As I work on wedding centerpieces I ponder on my spiritual bridegroom, and I wonder what Christian lives would be like if they embraced Christ the way a young bride does her perspective husband.   Can you imagine being depressed if you did not hear his voice at least once every day?  Can you imagine being so focused on your future together that nothing else around you holds much importance?  Can you imagine exerting all your energies to making yourself beautiful and the day you meet Him at the altar the loveliest of all days?

Christ is our Bridegroom and in Revelation two, He walks through one of His churches looking at His bride (believers) and He comments that they have lost their first love.  He notes the deeds they have done, and that they have not tolerated evil men, and that they have continued in His work without growing weary, but He holds against them that they have lost their Love!  They are going through the motions and doing what is right, but their heart no longer finds joy in the pursuit.

Have we lost our first love?  Have we become dull in our attentions to our Bridegroom?
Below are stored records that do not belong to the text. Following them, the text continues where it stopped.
(* Let $A\in\mathbb R^{n\times n}$ be Hurwitz and let $L\in\mathbb R^{n\times m}$ have full column rank. Then there exist right-invertible matrices $P$ and $\overline P$ (with $n$ columns) and right inverses $P^\dagger$, $\overline P^\dagger$ (i.e. $PP^\dagger=I$, $\overline P\,\overline P^\dagger=I$) such that (C1) $P^\dagger P+\overline P^\dagger\overline P=I_n$; (C2) $PAP^\dagger$ and $\overline PA\overline P^\dagger$ are Hurwitz; (C3) $PL=0$ and $\overline PL$ is (square and) nonsingular.
   Context: A square real matrix is Hurwitz (stable) if all its eigenvalues have negative real part. *)

theory Defs
  imports Complex_Main "Jordan_Normal_Form.Char_Poly" "Jordan_Normal_Form.DL_Rank"
begin

definition hurwitz :: "real mat \<Rightarrow> bool" where
  "hurwitz A \<longleftrightarrow> A \<in> carrier_mat (dim_row A) (dim_row A) \<and>
     (\<forall>ev. eigenvalue (map_mat complex_of_real A) ev \<longrightarrow> Re ev < 0)"

end

theory Submission
  imports Defs "Jordan_Normal_Form.Schur_Decomposition" "Jordan_Normal_Form.Matrix_Kernel"
begin

text \<open>A Hurwitz matrix \<open>A\<close> has a Lyapunov matrix \<open>X\<close>: a real symmetric matrix with
  \<open>y\<^sup>* X y > 0\<close> and \<open>Re (y\<^sup>* X A y) < 0\<close> for all complex \<open>y \<noteq> 0\<close>. It is read off from a
  Schur form of \<open>A\<close> whose strictly upper triangular part has been made small by a diagonal
  similarity, which turns the triangular matrix into a dissipative one. Every compression
  \<open>(V\<^sup>T X V)\<^sup>-\<^sup>1 V\<^sup>T X A V\<close> with injective \<open>V\<close> is again Hurwitz, because an eigenvector \<open>v\<close> with
  eigenvalue \<open>\<lambda>\<close> gives \<open>y = V v\<close> with \<open>\<lambda> y\<^sup>* X y = y\<^sup>* X A y\<close>. The projections are the
  \<open>X\<close>-orthogonal ones: \<open>Pb = (L\<^sup>T X L)\<^sup>-\<^sup>1 L\<^sup>T X\<close> with \<open>Pbd = L\<close>, and \<open>P = (V\<^sup>T X V)\<^sup>-\<^sup>1 V\<^sup>T X\<close>
  with \<open>Pd = V\<close>, where the columns of \<open>V\<close> form a basis of \<open>ker Pb\<close>, the \<open>X\<close>-orthogonal
  complement of the range of \<open>L\<close>.\<close>

abbreviation cmat :: "real mat \<Rightarrow> complex mat" where
  "cmat \<equiv> map_mat complex_of_real"

lemma cmat_mult: "dim_col A = dim_row B \<Longrightarrow> cmat (A * B) = cmat A * cmat B"
  by (rule of_real_hom.mat_hom_mult) auto

lemma conjugate_mult_mat_vec:
  fixes R :: "complex mat"
  assumes "R \<in> carrier_mat n k" and "y \<in> carrier_vec k"
  shows "conjugate (R *\<^sub>v y) = map_mat cnj R *\<^sub>v conjugate y"
  using assms
  by (intro eq_vecI) (auto simp: mult_mat_vec_def scalar_prod_def sum_conjugate conjugate_dist_mul)

lemma adjoint_scalar_prod:
  fixes R :: "complex mat"
  assumes R: "R \<in> carrier_mat n k" and y: "y \<in> carrier_vec k" and w: "w \<in> carrier_vec n"
  shows "conjugate y \<bullet> ((map_mat cnj R)\<^sup>T *\<^sub>v w) = conjugate (R *\<^sub>v y) \<bullet> w"
proof -
  have "(map_mat cnj R)\<^sup>T \<in> carrier_mat k n" using R by simp
  from transpose_vec_mult_scalar[OF this w, of "conjugate y"] y
  show ?thesis by (simp add: conjugate_mult_mat_vec[OF R y])
qed

lemma adjoint_mult_quadratic_form:
  fixes R M :: "complex mat"
  assumes R: "R \<in> carrier_mat n k" and y: "y \<in> carrier_vec k" and M: "M \<in> carrier_mat n k"
  shows "conjugate y \<bullet> (((map_mat cnj R)\<^sup>T * M) *\<^sub>v y) = conjugate (R *\<^sub>v y) \<bullet> (M *\<^sub>v y)"
proof -
  have "((map_mat cnj R)\<^sup>T * M) *\<^sub>v y = (map_mat cnj R)\<^sup>T *\<^sub>v (M *\<^sub>v y)" using R M y by simp
  then show ?thesis using adjoint_scalar_prod[OF R y] M y by simp
qed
Just yesterday as I was getting ready for church, I had decided to put on a pair of pants to cover the scads of mosquito bites I had acquired working in the yard, but then reminded myself that I always wear a dress to church.  As I rationalized with myself over what to wear and why, I realized that I had moved from a heart action to a habitual one.  Originally the impetus behind getting dressed up for church was to honor my Bridegroom.  When I went out on dates with my husband, which I did once a week on date night, I would prepare myself to please him.  I decided a long time ago that I could show my love to Jesus by giving Him the same kind of attention.  Sunday was our scheduled date time.  I would dress to honor my Bridegroom and would anticipate spending time with Him in song and fellowship and just adoring Him for who He is and drinking in His word.  My Sunday dates with Christ weren’t like other days where I laid all my problems in His lap and discussed with Him how to change this or that in my life, or petitioned Him on behalf of others, or dissected the treasures in His Word.  Our date day was one to just find joy in our love.  But, this past Sunday I realized the love in my preparation was merely a habit of days passing one into another.  As stated in Revelation I was still doing the good thing, but with no heart behind it.  I started pondering other things in my relationship with the Lord and found some to still hold the loving attitude of a bride, and sadly others, like this, one that did not.

How about you?  When was the last time you thought of the Lord as your bridegroom?  Do you remember the last time when you were so in love with His character that you thought your emotions would burst out of your skin?  Do you rush to meet Him every morning with delight and are saddened when your prayer time is cut short?   Does His Word elate you with its wisdom and practicality?  Do you look forward to going to church the same way you anticipate a night out?  Is your heart happy in serving Him?

Longevity in our betrothal is much like the years passing in a marriage.  We can lapse imperceptibly into a routine that eclipses the passion of the relationship.  It is not intentional.  There are no bells, or alarms to alert us.  There is simply a compromise here, a deliberate looking the other way, a yawn with the known, a preoccupation with something else, and before you know it that which was once special is now ho-hum.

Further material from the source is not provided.